3. A method for decoding data comprising the steps of:

(a) providing a fused view 2D image containing information associated with elements of a first 2D image and a second 2 D image;

(b) providing generating-vectors associated with said fused 2D image., said generating-vectors indicating operations to be performed on the elements of said fused view 2 D image to render the first and second 2D images; and

(c) rendering, using said fused view 2D image and said generating-vectors, at least said first 2D image.

4. The method of claim 3 further comprising the step of rendering said second 2D image.

5. A system for storing data comprising:

(a) a processing system containing one or more processors, said processing system being configured to:

(i) receive a first set of data;

(ii) receive a second set of data;

(iii) generate a fused set of data and associated generating- vectors, by combining the first and second sets of data, such that said fused set of data contains information associated with elements of the first and second sets of data, and said generating- vectors indicate operations to be performed on the elements of said fused set of data to recover the first and second sets of data; and

(b) a storage module configured to store said fused set of data and said generating-vectors in association with each other.

6. The system of claim 5 wherein the data is in H.264 format.

7. The system of claim 5 wherein the data is in MPBG4 format.

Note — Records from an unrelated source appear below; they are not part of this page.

lemma range_projection_sum:
  assumes "finite J"
  shows "AE x in M. op_sum (\<lambda>j. S j \<circ> Sstar j) J \<phi> x = indicator (\<Union>j\<in>J. R j) x * \<phi> x"
proof -
  have "AE x in M. \<forall>j\<in>J. S j (Sstar j \<phi>) x = indicator (R j) x * \<phi> x"
    using assms range_projection by (auto intro!: AE_finite_allI)
  moreover have "AE x in M. \<forall>i\<in>J. \<forall>j\<in>J. i \<noteq> j \<longrightarrow> x \<in> R i \<longrightarrow> x \<notin> R j"
    using assms ranges_disjoint by (auto intro!: AE_finite_allI)
  ultimately show ?thesis
  proof eventually_elim
    case (elim x)
    then have "op_sum (\<lambda>j. S j \<circ> Sstar j) J \<phi> x = (\<Sum>j\<in>J. indicator (R j) x) * \<phi> x"
      by (simp add: op_sum_def sum_distrib_right)
    then show ?case
      using sum_indicator_eq_indicator_Union[OF assms, where R=R and x=x and 'b=complex] elim(2) by simp
  qed
qed

lemma source_product_relation:
  assumes "finite U" and "finite V" and "finite {j. Acoef A U V j \<noteq> 0}"
  shows "op_eq M (op_prod (\<lambda>u. Sstar u \<circ> S u) U \<circ> op_prod (\<lambda>v. op_sub id (Sstar v \<circ> S v)) V)
    (op_sum (\<lambda>j. op_scale (of_nat (Acoef A U V j)) (S j \<circ> Sstar j)) {j. Acoef A U V j \<noteq> 0})"
proof -
  define J where "J = {j. Acoef A U V j \<noteq> 0}"
  have Acoef_J: "Acoef A U V j = 1" if "j \<in> J" for j
    using that Acoef_zero_one[where A=A and j=j, OF A_zero_one assms(1,2)] unfolding J_def
    by (simp split: if_splits)
  then have J: "J = {j. Acoef A U V j = 1}"
    unfolding J_def by auto
  have "op_sum (\<lambda>j. op_scale (of_nat (Acoef A U V j)) (S j \<circ> Sstar j)) J = op_sum (\<lambda>j. S j \<circ> Sstar j) J"
    using Acoef_J by (auto simp: op_sum_def op_scale_def intro!: sum.cong)
  moreover have "AE x in M. (op_prod (\<lambda>u. Sstar u \<circ> S u) U \<circ> op_prod (\<lambda>v. op_sub id (Sstar v \<circ> S v)) V) \<phi> x
      = op_sum (\<lambda>j. S j \<circ> Sstar j) J \<phi> x" for \<phi>
  proof -
    have "finite J"
      using assms(3) unfolding J_def .
    then have "AE x in M. x \<in> (\<Inter>u\<in>U. D u) \<inter> (\<Inter>v\<in>V. - D v) \<longleftrightarrow> x \<in> (\<Union>j\<in>J. R j)"
      using ranges_cover[OF assms(1,2)] unfolding J by simp
    then show ?thesis
      using source_projection_product[OF assms(1,2), of \<phi>] range_projection_sum[OF \<open>finite J\<close>, of \<phi>]
      by eventually_elim (simp split: split_indicator)
  qed
  ultimately show ?thesis
    unfolding op_eq_def ae_eq_def J_def[symmetric] by simp
qed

8. A system for encoding data comprising:

(i) receive a first two-dimensional (2D) image of a scene from a first viewing angle;

(ii) receive a second 2D image of said scene from a second viewing angle;

(iii) generate a fused view 2D image and associated generating-vectors, by combining the first and second 2D images such that said fused view 2D image contains information associated with elements of the first and second 2D images, and said generating-vectors indicate operations to be performed on the elements of said fused view 2D image to recover the first and second 2D images; and

(b) a storage module configured to store said fused view 2D image and said generating-vectors in association with each other.

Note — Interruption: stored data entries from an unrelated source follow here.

(* There exists an invertible $24\times24$ binary matrix $A$ such that the linear kernel $g({\bf u})={\bf u}A$ has partial distance sequence $(1,2,2,2,2,2,4,4,4,4,4,4,8,8,8,8,8,8,8,12,12,12,16,16)$. Consequently $E_{24}\ge\frac1{24}\sum_{i=0}^{23}\log_{24}D_{min}^{(i)}\approx0.51577$.
   Context: A kernel of dimension $\ell$ is a bijection $g:\{0,1\}^\ell\to\{0,1\}^\ell$; a linear kernel is $g({\bf u})={\bf u}G$ over $\mathbb{F}_2$ for an invertible $\ell\times\ell$ binary matrix $G$. ${\bf a}\bullet{\bf b}$ denotes concatenation, $d_H$ Hamming distance. Partial distances: $D_{min}^{(i)}=\min\{d_H(g({\bf w}\bullet 0\bullet{\bf u}),g({\bf w}\bullet 1\bullet {\bf v})) : {\bf w}\in\{0,1\}^i,\ {\bf u},{\bf v}\in\{0,1\}^{\ell-i-1}\}$, $i=0,\dots,\ell-1$; exponent $E(g)=\frac1\ell\sum_{i}\log_\ell D_{min}^{(i)}$; $E_\ell=\max_g E(g)$ over all kernels of dimension $\ell$. *)

theory Defs
  imports Complex_Main "HOL-Library.Z2" "Jordan_Normal_Form.Matrix"
begin

definition words :: "nat \<Rightarrow> bit list set" where
  "words l = {x. length x = l}"

definition hamming :: "bit list \<Rightarrow> bit list \<Rightarrow> nat" where
  "hamming x y = card {i. i < length x \<and> x ! i \<noteq> y ! i}"

definition is_kernel :: "nat \<Rightarrow> (bit list \<Rightarrow> bit list) \<Rightarrow> bool" where
  "is_kernel l g \<longleftrightarrow> bij_betw g (words l) (words l)"

definition lin_kernel :: "bit mat \<Rightarrow> bit list \<Rightarrow> bit list" where
  "lin_kernel G u = map (\<lambda>j. \<Sum>i<length u. u ! i * G $$ (i, j)) [0..<dim_col G]"

definition partial_distance :: "nat \<Rightarrow> (bit list \<Rightarrow> bit list) \<Rightarrow> nat \<Rightarrow> nat" where
  "partial_distance l g i = Min {hamming (g (w @ [0] @ u)) (g (w @ [1] @ v)) | w u v.
      length w = i \<and> length u = l - i - 1 \<and> length v = l - i - 1}"

definition kernel_exponent :: "nat \<Rightarrow> (bit list \<Rightarrow> bit list) \<Rightarrow> real" where
  "kernel_exponent l g = (1 / real l) * (\<Sum>i<l. log (real l) (real (partial_distance l g i)))"

definition max_exponent :: "nat \<Rightarrow> real" where
  "max_exponent l = Max (kernel_exponent l ` {g. is_kernel l g})"

end

theory Submission
  imports Defs
begin

text \<open>
  For a linear kernel u \<mapsto> u A, two inputs with a common prefix of length i that differ in
  position i are mapped to vectors whose sum is A_i + c_(i+1) A_(i+1) + ... + c_(l-1) A_(l-1),
  so the partial distance D(i) is the least weight in the coset A_i + span(A_(i+1), ..., A_(l-1)).
  For the matrix A below the row A_i itself has weight D(i), so only lower bounds are needed.
  All coset vectors are nonzero because A is invertible (an explicit inverse is given); rows
  1..23 have even weight, so for i \<ge> 1 all coset weights are even; rows 6..23 are annihilated
  by a 6 x 24 check matrix with distinct columns, which rules out weight 2; and for i \<ge> 12 the
  at most 2^11 coset vectors are enumerated. The exponent of a kernel only depends on its values
  on {0,1}^l, so there are finitely many exponents and E_24 is at least that of this kernel.
\<close>

(* Keep + and * on bit as field operations instead of rewriting them to xor and and. *)
declare add_bit_eq_xor [simp del] mult_bit_eq_and [simp del]

section \<open>Binary words\<close>

lemma UNIV_bit: "UNIV = {0::bit, 1}"
  by (auto intro: bit.exhaust)

lemma finite_words: "finite (words l)"
proof -
  have "finite (UNIV :: bit set)" by (simp add: UNIV_bit)
  from finite_lists_length_eq[OF this, of l] show ?thesis by (simp add: words_def)
qed

lemma bit_add_eq_0_iff: "(a::bit) + b = 0 \<longleftrightarrow> a = b"
  by (cases a; cases b) simp_all

lemma bit_add_eq_1_iff: "(a::bit) + b = 1 \<longleftrightarrow> a \<noteq> b"
  by (cases a; cases b) simp_all

lemma map2_add_replicate_0_right: "length x = n \<Longrightarrow> map2 (+) x (replicate n (0::bit)) = x"
  by (induction x arbitrary: n) (auto simp: Suc_length_conv)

9. A system for decoding data comprising:

(a) a processing system containing one or more processors, said processing system being configured to: (i) provide a fused view 2D image containing information associated with elements of a first 2 D image and a second 2D image; (ii) provide generating- vectors associated with said fused 2D image, said generating-vectors indicating operations to be performed on the elements of said fused view 2D image to render the first and second

2D images; and (iii) render, using said fused view 2D image and said generating-vectors, at least said first 2D image.

10. A system for processing data comprising:

(i) provide a fused view 2D image containing information associated with elements of a first 2D image and a second 2D image; and

(ii) provide generating-vectors associated with said fused 2D image, said generating-vectors indicating operations to be performed on the elements of said fused view 2D image to render the first and second 2D images; and

(b) a display module operationally connected to said processing system, said display module being configured to:

(i) render, using said fused view 2D image and said generating-vectors, at least said first 2D image; and (ii) display the first 2D image.

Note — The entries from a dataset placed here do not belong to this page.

(* Let $f:\mathbb{R}^n\to\mathbb{R}$ be twice continuously differentiable with $L$-Lipschitz gradient, let $\varphi_s:\mathbb{R}^{n_s}\to\mathbb{R}$ ($s=1,\dots,p$) be twice continuously differentiable and $\mu_s$-strongly convex ($\mu_s>0$), and $\mu=\min_s\mu_s$. For step size $0<\alpha<\frac{\mu}{L}$, the map $\psi=\psi_p\circ\psi_{p-1}\circ\cdots\circ\psi_1:\mathbb{R}^n\to\mathbb{R}^n$ is a diffeomorphism.
   Context: $\|\nabla f(x)-\nabla f(y)\|\le L\|x-y\|$ for all $x,y$, $L>0$. The variable is partitioned as $x=(x(1),\dots,x(p))$, $x(s)\in\mathbb{R}^{n_s}$, $\sum_sn_s=n$; $U_s\in\mathbb{R}^{n\times n_s}$ is the $s$-th block-column of $I_n$ and $\nabla_sf(x)=U_s^T\nabla f(x)$. Strong convexity: $\varphi_s(y)\ge\varphi_s(x)+\langle\nabla\varphi_s(x),y-x\rangle+\frac{\mu_s}2\|y-x\|^2$; then $\nabla\varphi_s$ is invertible with inverse $[\nabla\varphi_s]^{-1}$. Define $\psi_s(x)=(I_n-U_sU_s^T)x+U_s[\nabla\varphi_s]^{-1}\big(\nabla\varphi_s(x(s))-\alpha\nabla_sf(x)\big)$ (one block step of block mirror descent). *)

theory Defs
  imports "HOL-Analysis.Analysis"
begin

definition grad :: "('a::euclidean_space \<Rightarrow> real) \<Rightarrow> 'a \<Rightarrow> 'a" where
  "grad f x = (THE D. GDERIV f x :> D)"

definition C2 :: "('a::euclidean_space \<Rightarrow> real) \<Rightarrow> bool" where
  "C2 f \<longleftrightarrow> (\<exists>g H. (\<forall>x. GDERIV f x :> g x) \<and>
                    (\<forall>x. (g has_derivative blinfun_apply (H x)) (at x)) \<and>
                    continuous_on UNIV H)"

1 1. The system of claim 10 wherein said display module is further configured to:

(a) render, using said fused view 2D image and said generating-vectors, said second 2D image; and

(b) display the second 2D image.

12. The system of claim 10 wherein said display module includes an integrated circuit configured to perform the rendering.

13. The system of claim 10 wherein said display module includes an integrated circuit configured with a one-dimensional copy machine to render using said fused view 2D image and said generating-vectors, said first 2D image.